According to this UCF study and their researchers, waiting and loading strategies are advised if ya got the time. The Portland Cement Association apparently suggests waiting a full 28 days before applying any paint to new stucco. Happens lots huh?
Next, let's look at remedies and actions we should take to help minimize moisture intrusion for stucco veneered walls. I say minimize because some construction techniques already exist and may be vulnerable to moisture intrusion by nature. Remember, before you throw your builder under the bus, a house is a house. It's not a swimmin' pool, it's not a submarine and it's not a frog's butt. If you hold the house under water or subject it to conditions similar to…it'll eventually leak. So let's deal with what we've got. If you're building a custom home and have the luxury of dictating methods (or even if you're not), I encourage you to check out the below referenced web sites. The Dr. Joe (Building Science) article reads like a conversation, plain understandable language we can really identify with.
So what in the world do we do with our existing housing issues? A line I have coined is “the better we caulk/seal/paint, the better the house performs” works for me. We all agree that a good “breathable” elastomeric or acrylic paint be applied. This will help keep the water out while still allowing the wall to breathe and can be purchased from all major manufacturer's. In a two story home where the initial intrusion may be occurring at the block/frame transition, reflashing may be necessary which of course is more expensive. Just two token pieces of advice...1)don't buy cheap caulk or paint and 2)when you recaulk your windows, don't caulk the weep holes! Focus on the corners, not the little holes or areas that let water back out. I quote the UCF study…
Paint:
Use a premium, high build, acrylic coating with the following characteristics:
- Meets Federal Specifications for resistance to wind driven rain (TT-C-555B).

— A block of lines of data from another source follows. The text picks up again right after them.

text \<open>Product-to-sum telescoping: the sines of odd multiples sum to a square.\<close>

lemma sum_sin_odd_multiples: "(\<Sum>k<n. sin ((2 * real k + 1) * y) * sin y) = (sin (real n * y))\<^sup>2"
proof (induction n)
  case 0
  then show ?case by simp
next
  case (Suc n)
  have "sin ((2 * real n + 1) * y) * sin y = (cos (2 * (real n * y)) - cos (2 * ((real n + 1) * y))) / 2"
    by (simp add: sin_times_sin algebra_simps)
  moreover have "(sin (real n * y))\<^sup>2 = (1 - cos (2 * (real n * y))) / 2"
    by (simp add: cos_double_sin)
  moreover have "(sin ((real n + 1) * y))\<^sup>2 = (1 - cos (2 * ((real n + 1) * y))) / 2"
    by (simp add: cos_double_sin)
  ultimately show ?case using Suc by (simp add: add.commute)
qed

text \<open>Multiplying by
  \<open>sin (pi m / n) \<noteq> 0\<close> turns the sum into a telescoping one.\<close>

lemma sum_cos_equispaced:
  assumes "0 < m" "m < n"
  shows "(\<Sum>j<n. cos (2 * pi * real m * (t - real j / real n))) = 0"
proof -
  have n: "real n > 0" using assms by simp
  define a where "a = 2 * pi * real m / real n"
  define \<theta> where "\<theta> = 2 * pi * real m * t"
  define g where "g j = sin (\<theta> - real j * a + a / 2)" for j :: nat
  have telescope: "sin (a / 2) * cos (2 * pi * real m * (t - real j / real n)) = (g j - g (Suc j)) / 2"
    for j
  proof -
    have arg: "2 * pi * real m * (t - real j / real n) = \<theta> - real j * a"
      using n by (simp add: a_def \<theta>_def field_simps)
    have "a / 2 - (\<theta> - real j * a) = - (\<theta> - real (Suc j) * a + a / 2)"
      by (simp add: algebra_simps)
    then have "sin (a / 2 - (\<theta> - real j * a)) = - g (Suc j)"
      by (simp only: g_def sin_minus)
    moreover have "sin (a / 2) * cos (\<theta> - real j * a)
        = (sin (a / 2 + (\<theta> - real j * a)) + sin (a / 2 - (\<theta> - real j * a))) / 2"
      by (rule sin_times_cos)
    ultimately show ?thesis by (simp add: arg g_def add.commute)
  qed
  have "g n = g 0"
  proof -
    have "real n * a = real m * (2 * pi)" using n by (simp add: a_def)
    then have "\<theta> - real n * a + a / 2 = (\<theta> + a / 2 - real m * (2 * pi))" by simp
    then have "g n = sin (\<theta> + a / 2 - real m * (2 * pi))" by (simp only: g_def)
    also have "\<dots> = sin (\<theta> + a / 2)"
      using sin_add_2pi_multiple[of "\<theta> + a / 2 - real m * (2 * pi)" m] by simp
    finally show ?thesis by (simp add: g_def)
  qed
  have "sin (a / 2) * (\<Sum>j<n. cos (2 * pi * real m * (t - real j / real n)))
      = (\<Sum>j<n. (g j - g (Suc j)) / 2)"
    by (simp add: sum_distrib_left telescope)
  also have "\<dots> = 0"
    using \<open>g n = g 0\<close> by (simp add: sum_divide_distrib[symmetric] sum_lessThan_telescope')
  finally have "sin (a / 2) * (\<Sum>j<n. cos (2 * pi * real m * (t - real j / real n))) = 0" .
  moreover have "sin (a / 2) > 0"
    using assms n by (intro sin_gt_zero) (simp_all add: a_def field_simps)
  ultimately show ?thesis by simp
qed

- Allows water vapor transmission (high perm rating) permitting water to evaporate from the wall to the exterior.
- High flexibility/elongation to cover existing and new cracks.
Service:
Near the end of the warranty period, repair all visible cracks and apply a second coat of paint. Cracks should be repaired with an elastomeric waterproof sealant patching compound. The method will depend on crack width and the sealant product, but might typically include:
- Less than 0.4 mm (1/64 inch) - apply a brush grade compound with a small brush.
- Between 0.4 mm (1/64 inch) and 0.8 mm (1/32 inch) - apply a knife grade compound.
- Between 0.8 mm (1/32 inch) and 6.4 mm (1/4 inch) - route out crack ¼ inch wide by ¼ inch deep; apply two coats of knife grade compound.
My personal experience…DO NOT GOOP CAULK on/in stucco cracks no matter how strong the urge and how careful you are. It “flashes”, looks like caca and generates love letters and heckling from neighbors/HOA associations.
If you need to hire a contractor for repairs use common sense. You can check out licensed contractors at the Better Business Bureau or the National Home Builder's Association. Make sure the contractor has insurance or you could be liable. Get a written estimate and contract. If you get a guarantee, it should be in writing and state who is responsible for repairs and maintenance and for how long. And finally, don't give up your final payment until the work is complete and you have obtained all necessary release of liens. If a building contractor has not paid their subs and leaves with your money, you may be paying the subs again!